According to the Huffington Post, “The case revolves around six employees who were fired by Hampton Sheriff B.J. Roberts after they supported his re-election opponent in 2009. One of those workers, Daniel Ray Carter, had ‘liked’ the Facebook page of Roberts’ opponent.”
Facebook and the American Civil Liberties Union (ACLU) are battling in appeals court to get a former decision, by U.S. District Judge Raymond Jackson, overturned. He said that a mere ‘like’ did not constitute speech or constitutional protection. He was further quoted as saying, “In cases where courts have found that constitutional speech protections extended to Facebook posts, actual statements existed within the record.”
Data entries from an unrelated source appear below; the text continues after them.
(* Let $q>1$ and let $(M,\le)$ be a finite ordered monoid such that $M$ is a $T_q$ monoid. Then $N^1(M)=\Omega(n)$.
   Context: $M$ is a $T_q$ monoid if there exist idempotents $e,f\in M$ (i.e. $ee=e$, $ff=f$) such that $(ef)^qe=e$ and $(ef)^re\ne e$ for every positive integer $r$ not divisible by $q$. A finite ordered monoid is a finite monoid with a partial order such that $x\le y\Rightarrow zx\le zy$ and $xz\le yz$. Non-deterministic communication complexity: for $f:X\times Y\to\{0,1\}$, $N^1(f)$ is the minimum cost of a non-deterministic protocol for $f$; equivalently, up to an additive constant 2, $N^1(f)=\log_2 C^1(f)$, where $C^1(f)$ is the minimum number of rectangles $S\times T$ on which $f\equiv1$ whose union is $f^{-1}(1)$. An order ideal is a subset $I\subseteq M$ with $y\in I, x\le y\Rightarrow x\in I$. For an order ideal $I$, $N^1(M,I)(n)$ is $N^1$ of the function where Alice receives $m_1,m_3,\dots,m_{2n-1}\in M$, Bob receives $m_2,\dots,m_{2n}\in M$, with value $1$ iff $m_1\cdots m_{2n}\in I$; $N^1(M)(n)=\max_I N^1(M,I)(n)$. Asymptotics are as $n\to\infty$. *)

theory Defs
  imports Complex_Main "HOL-Library.Landau_Symbols"
begin

definition ordered_monoid :: "('a::monoid_mult \<Rightarrow> 'a \<Rightarrow> bool) \<Rightarrow> bool" where
  "ordered_monoid le \<longleftrightarrow>
     (\<forall>x. le x x) \<and> (\<forall>x y. le x y \<longrightarrow> le y x \<longrightarrow> x = y) \<and>
     (\<forall>x y z. le x y \<longrightarrow> le y z \<longrightarrow> le x z) \<and>
     (\<forall>x y z. le x y \<longrightarrow> le (z * x) (z * y) \<and> le (x * z) (y * z))"

definition Tq_monoid :: "nat \<Rightarrow> 'a::monoid_mult itself \<Rightarrow> bool" where
  "Tq_monoid q _ \<longleftrightarrow> (\<exists>e f :: 'a. e * e = e \<and> f * f = f \<and> (e * f) ^ q * e = e \<and>
       (\<forall>r::nat. 0 < r \<longrightarrow> \<not> q dvd r \<longrightarrow> (e * f) ^ r * e \<noteq> e))"

definition order_ideal :: "('a \<Rightarrow> 'a \<Rightarrow> bool) \<Rightarrow> 'a set \<Rightarrow> bool" where
  "order_ideal le I \<longleftrightarrow> (\<forall>x y. y \<in> I \<longrightarrow> le x y \<longrightarrow> x \<in> I)"

definition cover_number :: "('x \<Rightarrow> 'y \<Rightarrow> bool) \<Rightarrow> 'x set \<Rightarrow> 'y set \<Rightarrow> nat" where
  "cover_number f X Y = (LEAST k. \<exists>R :: ('x set \<times> 'y set) set.
      finite R \<and> card R = k \<and>
      (\<forall>(S, T) \<in> R. S \<subseteq> X \<and> T \<subseteq> Y \<and> (\<forall>x\<in>S. \<forall>y\<in>T. f x y)) \<and>
      (\<Union>(S, T) \<in> R. S \<times> T) = {(x, y). x \<in> X \<and> y \<in> Y \<and> f x y})"

text \<open>Non-deterministic complexity, taken as log2 of the cover number.\<close>
definition N1 :: "('x \<Rightarrow> 'y \<Rightarrow> bool) \<Rightarrow> 'x set \<Rightarrow> 'y set \<Rightarrow> real" where
  "N1 f X Y = log 2 (real (cover_number f X Y))"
Roberts said that that wasn’t necessarily the reason the employees were fired, as he wanted to replace some of them with sworn deputies. He also said, however, that what they did (supporting his opponent) “hindered the harmony and efficiency of the office.”
Sounds more like grade school resentment of differing opinions.
The ACLU argued that, ”It is binding First Amendment law that irrespective of an employee’s position, a public employer cannot terminate him or her for speech on a matter of public concern unrelated to his or her job duties.”
Facebook, meanwhile, seems to be concentrating on establishing ‘likes’ as protected speech, saying, “If Carter had stood on a street corner and announced, ‘I like Jim Adams for Hampton sheriff,’ there would be no dispute that his statement was constitutionally protected speech.” The company went on to say, “Carter made that very statement; the fact that he did it online, with a click of a computer’s mouse, does not deprive Carter’s speech of constitutional protection.”